Refer to Manage Logpush with cURL to update a job (including enabling and disabling).

Limitations

Note the following default quota and limits, as described in the BigQuery documentation ↗.

The following limits apply to BigQuery streaming inserts:

Maximum HTTP request size (uncompressed, may include headers): 10 MB
Maximum row size: 10 MB
Maximum rows per request size: 50,000 rows.

These are default quota / limit, and you should adjust the Logpush jobs to match the limit, and/or request Google to increase them when needed.

Google Cloud Storage integration

Cloudflare Logpush supports pushing logs to Google Cloud Storage.

BigQuery supports loading up to 1,500 jobs per table per day (including failures) with up to 10 million files in each load. That means you can load into BigQuery once per minute and include up to 10 million files in a load. For more information, refer to BigQuery's quotas for load jobs.

Logpush delivers batches of logs as soon as possible, which means you could receive more than one batch of files per minute. Ensure your BigQuery job is configured to ingest files on a given time interval, like every minute, as opposed to when files are received.
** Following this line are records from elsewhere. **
(* Let $\sum_i\lambda_i[\alpha_i][\beta_i]=0$ be a homogeneous Plücker relation on $t$-minors of degree $v$. Then for every $m\times n$ matrix $X$, every $t\times m$ matrix $A$ and every multiset $u$ of elements of $\{1,\dots,m\}$ of cardinality $2t$ one has $$\sum_c[c]_A\,[c']_A\sum_i\lambda_i\,[c\,|\,\alpha_i]_X\,[c'\,|\,\beta_i]_X=0,$$ where $c$ ranges over all strictly increasing sequences of length $t$ contained in $u$ (as sub-multisets) and $c'=u\setminus c$ (multiset difference).
   Context: A Plücker relation on $t$-minors is a relation $\sum_i\lambda_i[\alpha_i][\beta_i]=0$ with $\lambda_i\in\mathbb Z$, valid for the maximal minors of the generic $t\times n$ matrix, where $\alpha_i,\beta_i$ are increasing sequences of length $t$ in $\{1,\dots,n\}$ and $[\alpha]$ is the maximal minor with column indices $\alpha$. It is homogeneous of degree $v$ if the multiset union $\alpha_i\cup\beta_i$ equals the multiset $v$ for all $i$. For a $t\times m$ matrix $A$, $[c]_A$ is the maximal minor of $A$ with column indices $c$ (zero if $c$ has repeated entries), and $[c\,|\,\alpha]_X$ is the minor of $X$ with row indices $c$ and column indices $\alpha$. Matrices have entries in a commutative ring (e.g. a field $K$). *)

theory Defs
  imports "Jordan_Normal_Form.Determinant" "HOL-Library.Multiset"
begin

text \<open>Matrices are functions nat => nat => 'a, with 1-based row/column indices.
  Index sequences are lists of natural numbers.\<close>

definition minor :: "(nat \<Rightarrow> nat \<Rightarrow> 'a::comm_ring_1) \<Rightarrow> nat list \<Rightarrow> nat list \<Rightarrow> 'a" where
  "minor M rs cs = det (mat (length rs) (length rs) (\<lambda>(i,j). M (rs ! i) (cs ! j)))"

definition maxminor :: "nat \<Rightarrow> (nat \<Rightarrow> nat \<Rightarrow> 'a::comm_ring_1) \<Rightarrow> nat list \<Rightarrow> 'a" where
  "maxminor t A cs = minor A [1..<t+1] cs"

definition incr_seq :: "nat \<Rightarrow> nat \<Rightarrow> nat list \<Rightarrow> bool" where
  "incr_seq t n a \<longleftrightarrow> sorted_wrt (<) a \<and> length a = t \<and> set a \<subseteq> {1..n}"

text \<open>Validity for the
  generic matrix over Z is expressed as validity for all integer matrices
  (equivalent, since Z is an infinite domain).\<close>
definition pluecker_rel :: "nat \<Rightarrow> nat \<Rightarrow> (int \<times> nat list \<times> nat list) list \<Rightarrow> bool" where
  "pluecker_rel t n R \<longleftrightarrow>
     (\<forall>(l,a,b) \<in> set R. incr_seq t n a \<and> incr_seq t n b) \<and>
     (\<forall>G :: nat \<Rightarrow> nat \<Rightarrow> int.
        (\<Sum>(l,a,b)\<leftarrow>R. l * maxminor t G a * maxminor t G b) = 0)"

definition homogeneous_rel :: "nat multiset \<Rightarrow> (int \<times> nat list \<times> nat list) list \<Rightarrow> bool" where
  "homogeneous_rel v R \<longleftrightarrow> (\<forall>(l,a,b) \<in> set R. mset a + mset b = v)"

end

theory Submission
  imports Defs "HOL-Library.Nat_Bijection"
begin

text \<open>
  Work over the polynomial ring \<open>'a[y]\<close> and give column \<open>k\<close> of \<open>A\<close> the weight \<open>y^(B^k)\<close>
  with \<open>B = 2t + 1\<close>. By Cauchy--Binet, the maximal minor of the product \<open>M = A X\<close> with
  columns \<open>\<alpha>\<close> is \<open>\<Sum>\<^sub>c [c]\<^sub>A [c|\<alpha>]\<^sub>X y^(E c)\<close>, where \<open>E c = \<Sum>\<^sub>k\<^sub>\<in>\<^sub>c B^k\<close> encodes the
  multiset \<open>c\<close> in base \<open>B\<close>. A Pluecker relation is an integer polynomial identity in the
  matrix entries, so it holds over every commutative ring (a Kronecker substitution reduces
  this to the vanishing of a univariate integer polynomial) and in particular for \<open>M\<close>. Since
  multisets of size at most \<open>2t < B\<close> are determined by their codes, the coefficient of
  \<open>y^(E u)\<close> in the resulting identity is exactly the stated sum.
\<close>

section \<open>Base-\<open>B\<close> codes of multisets\<close>

lemma sum_digits_less_power:
  fixes B :: nat
  assumes "\<forall>v<N. f v < B"
  shows "(\<Sum>v<N. f v * B^v) < B^N"
  using assms
proof (induction N)
  case (Suc N)
  have "(\<Sum>v<Suc N. f v * B^v) < B^N + f N * B^N"
    using Suc by simp
  also have "\<dots> \<le> B * B^N"
    using mult_le_mono1[of "Suc (f N)" B "B^N"] Suc.prems[rule_format, of N] by simp
  finally show ?case by simp
qed simp

lemma digits_unique:
  fixes B :: nat
  assumes "\<forall>v<N. f v < B" "\<forall>v<N. g v < B"
    and "(\<Sum>v<N. f v * B^v) = (\<Sum>v<N. g v * B^v)"
  shows "\<forall>v<N. f v = g v"
  using assms
proof (induction N)
  case (Suc N)
  have low: "(\<Sum>v<N. f v * B^v) < B^N" "(\<Sum>v<N. g v * B^v) < B^N"
    using Suc.prems by (auto intro!: sum_digits_less_power)
  have eq: "(\<Sum>v<N. f v * B^v) + f N * B^N = (\<Sum>v<N. g v * B^v) + g N * B^N"
    using Suc.prems(3) by simp
  have top_digit: "((\<Sum>v<N. h v * B^v) + h N * B^N) div B^N = h N"
    if "(\<Sum>v<N. h v * B^v) < B^N" for h
  proof -
    have "0 < B^N" using le_less_trans[OF zero_le that] .
    then show ?thesis using that by simp
  qed
  have "f N = g N"
    using top_digit[OF low(1)] top_digit[OF low(2)] eq by simp
  moreover have "\<forall>v<N. f v = g v"
  proof (rule Suc.IH)
    show "(\<Sum>v<N. f v * B^v) = (\<Sum>v<N. g v * B^v)"
      using eq \<open>f N = g N\<close> by simp
  qed (use Suc.prems in auto)
  ultimately show ?case
    using less_Suc_eq by auto
qed simp
lemma cube_subset_grid_cells:
  assumes "0 < l" and "1 \<le> k"
  shows "cbox 0 ((real k * l) *\<^sub>R One) \<subseteq>
    (\<Union>f\<in>PiE UNIV (\<lambda>_::'n::finite. {..<k}). cbox (l *\<^sub>R (\<chi> i. real (f i))) (l *\<^sub>R One + l *\<^sub>R (\<chi> i. real (f i))))"
proof
  fix u :: "real^'n"
  assume "u \<in> cbox 0 ((real k * l) *\<^sub>R One)"
  then have "\<forall>i. \<exists>j<k. real j * l \<le> u $ i \<and> u $ i \<le> real j * l + l"
    using grid_cell_exists[OF assms(1) _ _ assms(2)] by (auto simp: mem_box_cart)
  then obtain f where f: "\<And>i. f i < k \<and> real (f i) * l \<le> u $ i \<and> u $ i \<le> real (f i) * l + l"
    by metis
  then have "f \<in> PiE UNIV (\<lambda>_. {..<k})" by auto
  moreover have "u \<in> cbox (l *\<^sub>R (\<chi> i. real (f i))) (l *\<^sub>R One + l *\<^sub>R (\<chi> i. real (f i)))"
    using f by (auto simp: mem_box_cart algebra_simps)
  ultimately show "u \<in> (\<Union>f\<in>PiE UNIV (\<lambda>_. {..<k}). cbox (l *\<^sub>R (\<chi> i. real (f i))) (l *\<^sub>R One + l *\<^sub>R (\<chi> i. real (f i))))"
    by blast
qed

lemma grid_point_in_scaled_cube:
  assumes "0 < l" and "f \<in> PiE UNIV (\<lambda>_::'n::finite. {..<k})"
  shows "l *\<^sub>R (\<chi> i. real (f i)) \<in> scaled_cube (real k * l)"
proof -
  have "real (f i) \<le> real k" for i using assms(2) by (auto simp: PiE_iff less_imp_le)
  then have "\<forall>i. 0 \<le> l * real (f i) \<and> l * real (f i) \<le> real k * l"
    using assms(1) by (simp add: mult.commute)
  moreover have "0 < real k * l" using assms by (cases "k = 0") (auto simp: PiE_iff)
  ultimately show ?thesis by (simp add: scaled_cube_eq_cbox mem_box_cart)
qed

lemma cond_L_cube_integral:
  assumes "cond_L p \<Lambda> F" and "t \<in> \<Lambda>" and "0 < l"
  shows "(\<lambda>u. norm (F (t + u) x) powr p) integrable_on cbox 0 (l *\<^sub>R One)"
    and "Lp_norm p (scaled_cube l) (\<lambda>u. F (t + u) x) =
           integral (cbox 0 (l *\<^sub>R One)) (\<lambda>u. norm (F (t + u) x) powr p) powr (1 / p)"
proof -
  have "integrable (lebesgue_on (cbox 0 (l *\<^sub>R One))) (\<lambda>u. norm (F (t + u) x) powr p)"
    using assms unfolding cond_L_def Lp_on_def by (simp add: scaled_cube_eq_cbox)
  then show "(\<lambda>u. norm (F (t + u) x) powr p) integrable_on cbox 0 (l *\<^sub>R One)"
    and "Lp_norm p (scaled_cube l) (\<lambda>u. F (t + u) x) =
           integral (cbox 0 (l *\<^sub>R One)) (\<lambda>u. norm (F (t + u) x) powr p) powr (1 / p)"
    unfolding Lp_norm_def scaled_cube_eq_cbox[OF assms(3)]
    by (simp_all add: integrable_on_lebesgue_on lebesgue_integral_eq_integral)
qed

lemma Lp_norm_nonneg: "0 \<le> Lp_norm p S f"
  by (simp add: Lp_norm_def)

lemma cond_L_cube_integral_le:
  assumes "0 < p" and "cond_L p \<Lambda> F" and "s \<in> \<Lambda>" and "0 < l"
    and "Lp_norm p (scaled_cube l) (\<lambda>u. F (s + u) x) \<le> m"
  shows "integral (cbox 0 (l *\<^sub>R One)) (\<lambda>u. norm (F (s + u) x) powr p) \<le> m powr p"
proof -
  let ?I = "integral (cbox 0 (l *\<^sub>R One)) (\<lambda>u. norm (F (s + u) x) powr p)"
  have "?I powr (1 / p) \<le> m"
    using assms(5) cond_L_cube_integral(2)[OF assms(2-4)] by simp
  then have "(?I powr (1 / p)) powr p \<le> m powr p"
    using assms(1) by (intro powr_mono2) auto
  moreover have "0 \<le> ?I"
    by (intro integral_nonneg cond_L_cube_integral(1)[OF assms(2-4)]) auto
  ultimately show ?thesis using assms(1) by (simp add: powr_powr)
qed
(* Assume every $\nabla f_j$ and $\nabla g_i$ is Lipschitz continuous on $\mathbb{R}^n$ with Lipschitz constant $L$. Consider iteration $k$ of the SQP algorithm, and suppose the solution $(t^k,d^k)$ of $QP(x^k)$ satisfies $d^k\neq 0$ and $\sigma_{k+1}$ has been computed by Step 3. Then there exists $\bar\alpha>0$ such that for every $\alpha\in(0,\bar\alpha]$, $\Psi_{j,\sigma_{k+1}}(x^k+\alpha d^k)-\Psi_{j,\sigma_{k+1}}(x^k)\le \alpha\beta\,\theta_{j,\sigma_{k+1}}(x^k;d^k)$ for all $j=1,\dots,m$.
   Context: $f_j,g_i:\mathbb{R}^n\to\mathbb{R}$ ($j=1,\dots,m$, $i=1,\dots,p$) are continuously differentiable. $\Phi(x)=\max\{0,g_1(x),\dots,g_p(x)\}$; $I(x)=\{i: g_i(x)=\Phi(x)\}$; $\Phi^*(x;d)=\max\{\max_{i\in I(x)}(g_i(x)+\nabla g_i(x)^Td),0\}-\Phi(x)$; $\Psi_{j,\sigma}(x)=f_j(x)+\sigma\Phi(x)$; $\theta_{j,\sigma}(x;d)=\nabla f_j(x)^Td+\sigma\Phi^*(x;d)$. $QP(x)$: minimize $t+\frac12 d^Td$ over $(t,d)\in\mathbb{R}\times\mathbb{R}^n$ subject to $\nabla f_j(x)^Td\le t$ for all $j$ and $g_i(x)+\nabla g_i(x)^Td\le t$ for all $i$ (unique solution). SQP algorithm: choose $x^0\in\mathbb{R}^n$, $r\in(0,1)$, $\beta\in(0,1)$, $\sigma_0>0$; set $k=0$. Step 2: let $(t^k,d^k)$ solve $QP(x^k)$; stop if $d^k=0$. Step 3: if $\Phi(x^k)=0$ or $\theta_{j,\sigma_k}(x^k;d^k)\le-\frac12 (d^k)^Td^k$ for all $j$, set $\sigma_{k+1}=\sigma_k$; otherwise set $\sigma_{k+1}=\max\{2\sigma_k,\ (\nabla f_j(x^k)^Td^k+\frac12(d^k)^Td^k)/(-\Phi^*(x^k;d^k)),\ j=1,\dots,m\}$. Step 4: let $\alpha_k$ be the first number in $\{1,r,r^2,\dots\}$ with $\Psi_{j,\sigma_{k+1}}(x^k+\alpha_kd^k)-\Psi_{j,\sigma_{k+1}}(x^k)\le\alpha_k\beta\,\theta_{j,\sigma_{k+1}}(x^k;d^k)$ for all $j$. Step 5: $x^{k+1}=x^k+\alpha_kd^k$, $k:=k+1$, go to Step 2. *)

theory Defs
  imports "HOL-Analysis.Analysis"
begin

text \<open>Objectives f j (j = 1..m), constraints g i (i = 1..p) on real^'n, with gradient
  functions gf j and gg i.\<close>

definition Phi :: "nat \<Rightarrow> (nat \<Rightarrow> real^'n \<Rightarrow> real) \<Rightarrow> real^'n \<Rightarrow> real" where
  "Phi p g x = Max (insert 0 {g i x | i. i \<in> {1..p}})"

definition Iact :: "nat \<Rightarrow> (nat \<Rightarrow> real^'n \<Rightarrow> real) \<Rightarrow> real^'n \<Rightarrow> nat set" where
  "Iact p g x = {i \<in> {1..p}. g i x = Phi p g x}"

definition Phistar :: "nat \<Rightarrow> (nat \<Rightarrow> real^'n \<Rightarrow> real) \<Rightarrow> (nat \<Rightarrow> real^'n \<Rightarrow> real^'n)
    \<Rightarrow> real^'n \<Rightarrow> real^'n \<Rightarrow> real" where
  "Phistar p g gg x d =
     Max (insert 0 {g i x + gg i x \<bullet> d | i. i \<in> Iact p g x}) - Phi p g x"

definition Psi :: "nat \<Rightarrow> (nat \<Rightarrow> real^'n \<Rightarrow> real) \<Rightarrow> (nat \<Rightarrow> real^'n \<Rightarrow> real) \<Rightarrow> nat
    \<Rightarrow> real \<Rightarrow> real^'n \<Rightarrow> real" where
  "Psi p f g j \<sigma> x = f j x + \<sigma> * Phi p g x"

definition theta :: "nat \<Rightarrow> (nat \<Rightarrow> real^'n \<Rightarrow> real^'n) \<Rightarrow> (nat \<Rightarrow> real^'n \<Rightarrow> real)
    \<Rightarrow> (nat \<Rightarrow> real^'n \<Rightarrow> real^'n) \<Rightarrow> nat \<Rightarrow> real \<Rightarrow> real^'n \<Rightarrow> real^'n \<Rightarrow> real" where
  "theta p gf g gg j \<sigma> x d = gf j x \<bullet> d + \<sigma> * Phistar p g gg x d"

definition QP_feasible :: "nat \<Rightarrow> nat \<Rightarrow> (nat \<Rightarrow> real^'n \<Rightarrow> real^'n) \<Rightarrow> (nat \<Rightarrow> real^'n \<Rightarrow> real)
    \<Rightarrow> (nat \<Rightarrow> real^'n \<Rightarrow> real^'n) \<Rightarrow> real^'n \<Rightarrow> real \<Rightarrow> real^'n \<Rightarrow> bool" where
  "QP_feasible m p gf g gg x t d \<longleftrightarrow>
     (\<forall>j\<in>{1..m}. gf j x \<bullet> d \<le> t) \<and> (\<forall>i\<in>{1..p}. g i x + gg i x \<bullet> d \<le> t)"

definition QP_solution :: "nat \<Rightarrow> nat \<Rightarrow> (nat \<Rightarrow> real^'n \<Rightarrow> real^'n) \<Rightarrow> (nat \<Rightarrow> real^'n \<Rightarrow> real)
    \<Rightarrow> (nat \<Rightarrow> real^'n \<Rightarrow> real^'n) \<Rightarrow> real^'n \<Rightarrow> real \<Rightarrow> real^'n \<Rightarrow> bool" where
  "QP_solution m p gf g gg x t d \<longleftrightarrow>
     QP_feasible m p gf g gg x t d \<and>
     (\<forall>t' d'. QP_feasible m p gf g gg x t' d' \<longrightarrow> t + (1/2) * (d \<bullet> d) \<le> t' + (1/2) * (d' \<bullet> d'))"

definition sigma_update :: "nat \<Rightarrow> nat \<Rightarrow> (nat \<Rightarrow> real^'n \<Rightarrow> real^'n) \<Rightarrow> (nat \<Rightarrow> real^'n \<Rightarrow> real)
    \<Rightarrow> (nat \<Rightarrow> real^'n \<Rightarrow> real^'n) \<Rightarrow> real^'n \<Rightarrow> real^'n \<Rightarrow> real \<Rightarrow> real" where
  "sigma_update m p gf g gg x d \<sigma> =
     (if Phi p g x = 0 \<or> (\<forall>j\<in>{1..m}. theta p gf g gg j \<sigma> x d \<le> - (1/2) * (d \<bullet> d))
      then \<sigma>
      else Max (insert (2 * \<sigma>)
             {(gf j x \<bullet> d + (1/2) * (d \<bullet> d)) / (- Phistar p g gg x d) | j. j \<in> {1..m}}))"

end

theory Submission
  imports Defs
begin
Ingesting files into BigQuery as each Logpush file is received could exhaust your BigQuery quota quickly.

For a community-supported example of how to set up a schedule job load with BigQuery, refer to Cloudflare + Google Cloud | Integrations repository ↗. Note that this repository is provided on a best-effort basis and is not maintained routinely.